BEGIN MATERIAL FOR THIS EXERCISE
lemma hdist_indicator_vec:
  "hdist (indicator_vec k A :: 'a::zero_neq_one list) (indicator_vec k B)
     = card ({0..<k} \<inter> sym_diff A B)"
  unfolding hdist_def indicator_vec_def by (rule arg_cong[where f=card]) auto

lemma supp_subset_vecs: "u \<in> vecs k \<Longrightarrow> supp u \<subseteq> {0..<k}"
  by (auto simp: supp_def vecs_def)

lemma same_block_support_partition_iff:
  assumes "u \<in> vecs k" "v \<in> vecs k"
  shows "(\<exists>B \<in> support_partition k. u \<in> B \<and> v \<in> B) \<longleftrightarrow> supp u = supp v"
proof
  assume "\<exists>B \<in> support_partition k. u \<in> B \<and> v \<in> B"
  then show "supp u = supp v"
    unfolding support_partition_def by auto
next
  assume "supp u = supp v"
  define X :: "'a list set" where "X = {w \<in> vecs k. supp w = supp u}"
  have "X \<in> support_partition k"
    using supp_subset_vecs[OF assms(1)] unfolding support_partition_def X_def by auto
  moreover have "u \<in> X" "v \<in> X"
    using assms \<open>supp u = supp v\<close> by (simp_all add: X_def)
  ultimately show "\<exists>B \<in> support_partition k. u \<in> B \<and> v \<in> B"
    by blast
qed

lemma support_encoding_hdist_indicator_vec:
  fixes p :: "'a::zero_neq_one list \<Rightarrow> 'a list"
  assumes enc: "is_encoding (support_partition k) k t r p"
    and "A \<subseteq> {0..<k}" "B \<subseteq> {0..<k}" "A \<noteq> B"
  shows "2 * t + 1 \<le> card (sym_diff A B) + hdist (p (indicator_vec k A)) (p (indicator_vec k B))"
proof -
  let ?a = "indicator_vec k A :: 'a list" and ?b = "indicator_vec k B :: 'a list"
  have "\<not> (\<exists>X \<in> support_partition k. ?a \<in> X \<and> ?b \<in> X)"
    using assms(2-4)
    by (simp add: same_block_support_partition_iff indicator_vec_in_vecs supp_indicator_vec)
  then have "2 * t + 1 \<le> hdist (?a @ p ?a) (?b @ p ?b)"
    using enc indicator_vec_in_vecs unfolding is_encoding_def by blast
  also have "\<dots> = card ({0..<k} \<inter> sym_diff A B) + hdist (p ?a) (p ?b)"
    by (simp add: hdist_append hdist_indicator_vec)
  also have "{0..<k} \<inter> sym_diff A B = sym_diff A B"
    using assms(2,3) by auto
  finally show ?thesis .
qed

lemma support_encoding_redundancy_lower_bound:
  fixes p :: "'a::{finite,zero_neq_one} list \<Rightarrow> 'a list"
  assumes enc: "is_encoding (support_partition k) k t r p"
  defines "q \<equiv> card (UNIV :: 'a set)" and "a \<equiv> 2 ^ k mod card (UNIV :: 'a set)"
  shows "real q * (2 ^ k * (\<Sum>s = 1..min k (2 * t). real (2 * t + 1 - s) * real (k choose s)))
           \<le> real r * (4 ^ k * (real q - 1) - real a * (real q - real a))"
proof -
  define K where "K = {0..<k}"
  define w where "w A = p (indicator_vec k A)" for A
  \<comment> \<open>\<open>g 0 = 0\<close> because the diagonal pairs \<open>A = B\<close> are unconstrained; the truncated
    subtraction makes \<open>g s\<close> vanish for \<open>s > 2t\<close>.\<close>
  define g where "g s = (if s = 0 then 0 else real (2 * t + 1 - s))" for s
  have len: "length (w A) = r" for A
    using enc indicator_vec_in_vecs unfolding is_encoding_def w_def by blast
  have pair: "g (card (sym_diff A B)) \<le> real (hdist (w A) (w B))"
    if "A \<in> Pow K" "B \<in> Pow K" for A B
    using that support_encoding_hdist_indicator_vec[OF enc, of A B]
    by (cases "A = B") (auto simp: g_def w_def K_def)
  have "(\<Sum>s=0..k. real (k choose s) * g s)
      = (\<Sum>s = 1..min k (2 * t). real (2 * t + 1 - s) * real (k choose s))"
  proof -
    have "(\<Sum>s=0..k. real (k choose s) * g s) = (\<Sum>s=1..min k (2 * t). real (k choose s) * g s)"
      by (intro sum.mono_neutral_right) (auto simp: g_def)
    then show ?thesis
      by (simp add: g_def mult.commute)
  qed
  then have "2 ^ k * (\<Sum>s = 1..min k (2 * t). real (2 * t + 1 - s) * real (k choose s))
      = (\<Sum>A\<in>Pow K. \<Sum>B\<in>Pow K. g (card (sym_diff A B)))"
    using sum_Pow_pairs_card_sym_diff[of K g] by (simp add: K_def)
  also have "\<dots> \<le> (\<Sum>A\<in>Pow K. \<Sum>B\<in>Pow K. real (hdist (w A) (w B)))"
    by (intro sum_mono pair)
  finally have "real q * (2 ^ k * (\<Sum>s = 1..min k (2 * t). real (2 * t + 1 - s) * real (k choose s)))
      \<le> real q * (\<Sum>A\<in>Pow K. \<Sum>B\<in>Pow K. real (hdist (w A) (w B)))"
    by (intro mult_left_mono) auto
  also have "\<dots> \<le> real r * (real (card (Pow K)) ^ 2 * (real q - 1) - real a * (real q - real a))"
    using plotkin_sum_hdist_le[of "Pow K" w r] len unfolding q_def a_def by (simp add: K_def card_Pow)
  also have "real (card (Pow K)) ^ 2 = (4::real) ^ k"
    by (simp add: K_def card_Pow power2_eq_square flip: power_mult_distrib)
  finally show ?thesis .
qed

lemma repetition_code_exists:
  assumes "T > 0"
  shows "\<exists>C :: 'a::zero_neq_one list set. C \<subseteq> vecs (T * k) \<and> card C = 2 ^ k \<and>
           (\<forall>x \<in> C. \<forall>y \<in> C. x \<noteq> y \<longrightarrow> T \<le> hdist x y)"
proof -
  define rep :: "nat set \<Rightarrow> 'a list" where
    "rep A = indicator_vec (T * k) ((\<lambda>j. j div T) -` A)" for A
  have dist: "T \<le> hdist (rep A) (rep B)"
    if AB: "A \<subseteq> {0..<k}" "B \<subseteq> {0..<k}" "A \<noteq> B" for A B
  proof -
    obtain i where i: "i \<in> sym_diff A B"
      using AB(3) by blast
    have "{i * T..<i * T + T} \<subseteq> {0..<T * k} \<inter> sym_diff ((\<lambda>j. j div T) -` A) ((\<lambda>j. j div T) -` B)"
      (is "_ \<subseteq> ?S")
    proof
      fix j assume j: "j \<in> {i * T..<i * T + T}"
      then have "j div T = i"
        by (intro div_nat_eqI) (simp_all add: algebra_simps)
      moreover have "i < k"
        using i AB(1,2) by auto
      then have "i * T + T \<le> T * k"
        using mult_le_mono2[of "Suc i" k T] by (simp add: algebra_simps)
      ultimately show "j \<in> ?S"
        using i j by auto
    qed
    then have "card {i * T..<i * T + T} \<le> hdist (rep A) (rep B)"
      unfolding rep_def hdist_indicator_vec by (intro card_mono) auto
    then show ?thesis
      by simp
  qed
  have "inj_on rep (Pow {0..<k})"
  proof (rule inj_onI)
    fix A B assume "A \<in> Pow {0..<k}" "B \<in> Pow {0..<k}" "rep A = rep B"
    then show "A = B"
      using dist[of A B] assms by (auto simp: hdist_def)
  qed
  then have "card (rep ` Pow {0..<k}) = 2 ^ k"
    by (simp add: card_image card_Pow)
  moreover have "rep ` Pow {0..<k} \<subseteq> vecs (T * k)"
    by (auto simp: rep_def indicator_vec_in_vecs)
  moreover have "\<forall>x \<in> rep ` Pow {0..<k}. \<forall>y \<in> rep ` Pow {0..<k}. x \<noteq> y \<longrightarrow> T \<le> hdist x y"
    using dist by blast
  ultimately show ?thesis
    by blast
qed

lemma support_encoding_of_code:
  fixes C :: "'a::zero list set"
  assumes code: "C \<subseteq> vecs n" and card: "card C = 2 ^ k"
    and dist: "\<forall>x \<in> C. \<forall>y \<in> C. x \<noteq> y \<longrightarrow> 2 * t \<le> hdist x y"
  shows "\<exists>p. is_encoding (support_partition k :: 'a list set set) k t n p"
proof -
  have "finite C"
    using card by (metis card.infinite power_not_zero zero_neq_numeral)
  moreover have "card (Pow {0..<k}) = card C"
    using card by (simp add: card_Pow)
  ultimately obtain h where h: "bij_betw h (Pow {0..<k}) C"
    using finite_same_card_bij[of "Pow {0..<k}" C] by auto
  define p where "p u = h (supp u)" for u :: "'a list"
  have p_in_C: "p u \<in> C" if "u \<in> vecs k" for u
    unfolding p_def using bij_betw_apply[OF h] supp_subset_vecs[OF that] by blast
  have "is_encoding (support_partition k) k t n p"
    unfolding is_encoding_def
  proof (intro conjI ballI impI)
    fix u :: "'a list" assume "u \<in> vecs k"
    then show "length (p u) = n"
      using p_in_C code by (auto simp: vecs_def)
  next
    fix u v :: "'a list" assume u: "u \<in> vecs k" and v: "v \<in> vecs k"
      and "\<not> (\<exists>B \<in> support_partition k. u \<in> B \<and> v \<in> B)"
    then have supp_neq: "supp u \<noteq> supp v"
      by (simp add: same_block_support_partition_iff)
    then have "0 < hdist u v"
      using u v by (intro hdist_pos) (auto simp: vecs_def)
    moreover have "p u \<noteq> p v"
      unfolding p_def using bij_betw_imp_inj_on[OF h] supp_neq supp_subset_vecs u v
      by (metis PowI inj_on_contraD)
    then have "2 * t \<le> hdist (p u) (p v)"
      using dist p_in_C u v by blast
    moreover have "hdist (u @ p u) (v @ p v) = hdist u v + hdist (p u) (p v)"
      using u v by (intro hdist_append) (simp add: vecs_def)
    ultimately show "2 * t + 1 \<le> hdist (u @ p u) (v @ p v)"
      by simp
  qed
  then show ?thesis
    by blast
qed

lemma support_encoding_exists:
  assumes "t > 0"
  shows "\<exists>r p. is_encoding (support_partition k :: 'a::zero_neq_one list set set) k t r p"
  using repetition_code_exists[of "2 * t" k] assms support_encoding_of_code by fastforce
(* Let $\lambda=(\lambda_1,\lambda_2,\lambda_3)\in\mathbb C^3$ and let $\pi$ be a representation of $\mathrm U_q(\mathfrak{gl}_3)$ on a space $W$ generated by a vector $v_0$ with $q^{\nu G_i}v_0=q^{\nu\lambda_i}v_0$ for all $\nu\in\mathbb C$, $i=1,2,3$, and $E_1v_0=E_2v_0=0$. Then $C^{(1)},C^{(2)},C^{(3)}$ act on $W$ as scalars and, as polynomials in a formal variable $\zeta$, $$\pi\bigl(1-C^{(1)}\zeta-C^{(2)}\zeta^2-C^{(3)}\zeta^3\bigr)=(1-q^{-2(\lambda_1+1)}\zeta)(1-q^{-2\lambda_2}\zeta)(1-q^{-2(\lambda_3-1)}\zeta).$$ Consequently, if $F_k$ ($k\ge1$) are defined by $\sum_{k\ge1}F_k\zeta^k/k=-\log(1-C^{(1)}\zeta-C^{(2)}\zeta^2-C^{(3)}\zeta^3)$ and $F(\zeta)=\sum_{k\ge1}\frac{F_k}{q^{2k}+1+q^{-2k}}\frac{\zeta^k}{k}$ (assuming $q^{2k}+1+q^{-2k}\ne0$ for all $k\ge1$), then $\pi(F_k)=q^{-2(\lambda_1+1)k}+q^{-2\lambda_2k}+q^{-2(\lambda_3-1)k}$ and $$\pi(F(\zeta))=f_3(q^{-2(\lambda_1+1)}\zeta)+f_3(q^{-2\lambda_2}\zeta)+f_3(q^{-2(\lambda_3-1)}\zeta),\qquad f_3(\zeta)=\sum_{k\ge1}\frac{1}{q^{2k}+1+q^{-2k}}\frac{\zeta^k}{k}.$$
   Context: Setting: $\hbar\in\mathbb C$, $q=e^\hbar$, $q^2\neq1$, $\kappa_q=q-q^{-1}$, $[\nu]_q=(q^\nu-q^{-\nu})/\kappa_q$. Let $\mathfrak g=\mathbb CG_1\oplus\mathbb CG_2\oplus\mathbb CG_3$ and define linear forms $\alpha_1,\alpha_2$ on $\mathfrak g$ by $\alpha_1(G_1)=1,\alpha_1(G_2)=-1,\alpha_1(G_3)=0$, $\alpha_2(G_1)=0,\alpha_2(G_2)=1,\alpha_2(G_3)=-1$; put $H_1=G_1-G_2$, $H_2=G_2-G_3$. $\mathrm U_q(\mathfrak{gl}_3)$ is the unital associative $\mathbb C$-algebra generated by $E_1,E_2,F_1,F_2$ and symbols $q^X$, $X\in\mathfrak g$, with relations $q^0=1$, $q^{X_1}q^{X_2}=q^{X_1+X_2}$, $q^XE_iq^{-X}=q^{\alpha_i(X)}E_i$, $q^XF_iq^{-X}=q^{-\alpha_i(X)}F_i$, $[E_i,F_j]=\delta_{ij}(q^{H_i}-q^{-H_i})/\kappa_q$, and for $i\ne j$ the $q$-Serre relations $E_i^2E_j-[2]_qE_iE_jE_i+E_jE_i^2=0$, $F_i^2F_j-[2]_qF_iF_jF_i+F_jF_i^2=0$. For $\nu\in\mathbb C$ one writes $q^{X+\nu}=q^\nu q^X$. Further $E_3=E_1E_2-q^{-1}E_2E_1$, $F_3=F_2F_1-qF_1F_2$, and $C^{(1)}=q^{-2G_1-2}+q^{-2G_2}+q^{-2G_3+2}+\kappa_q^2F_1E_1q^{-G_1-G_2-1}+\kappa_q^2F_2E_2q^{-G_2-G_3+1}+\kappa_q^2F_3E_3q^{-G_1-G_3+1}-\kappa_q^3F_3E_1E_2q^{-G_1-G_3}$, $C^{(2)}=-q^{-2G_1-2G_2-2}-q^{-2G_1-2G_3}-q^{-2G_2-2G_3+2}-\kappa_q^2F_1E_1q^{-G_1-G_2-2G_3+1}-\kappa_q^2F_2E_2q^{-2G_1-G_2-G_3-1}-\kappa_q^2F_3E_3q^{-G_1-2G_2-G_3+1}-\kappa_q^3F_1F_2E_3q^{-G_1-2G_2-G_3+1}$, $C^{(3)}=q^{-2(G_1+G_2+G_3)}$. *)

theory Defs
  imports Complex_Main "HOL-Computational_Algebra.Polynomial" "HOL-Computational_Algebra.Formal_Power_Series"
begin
END MATERIAL FOR THIS EXERCISE
ABOUT THIS EXERCISE: Copy out all lines above holding "dots".

EXPECTED ANSWER:
  also have "\<dots> = card ({0..<k} \<inter> sym_diff A B) + hdist (p ?a) (p ?b)"
  also have "\<dots> \<le> (\<Sum>A\<in>Pow K. \<Sum>B\<in>Pow K. real (hdist (w A) (w B)))"
  also have "\<dots> \<le> real r * (real (card (Pow K)) ^ 2 * (real q - 1) - real a * (real q - real a))"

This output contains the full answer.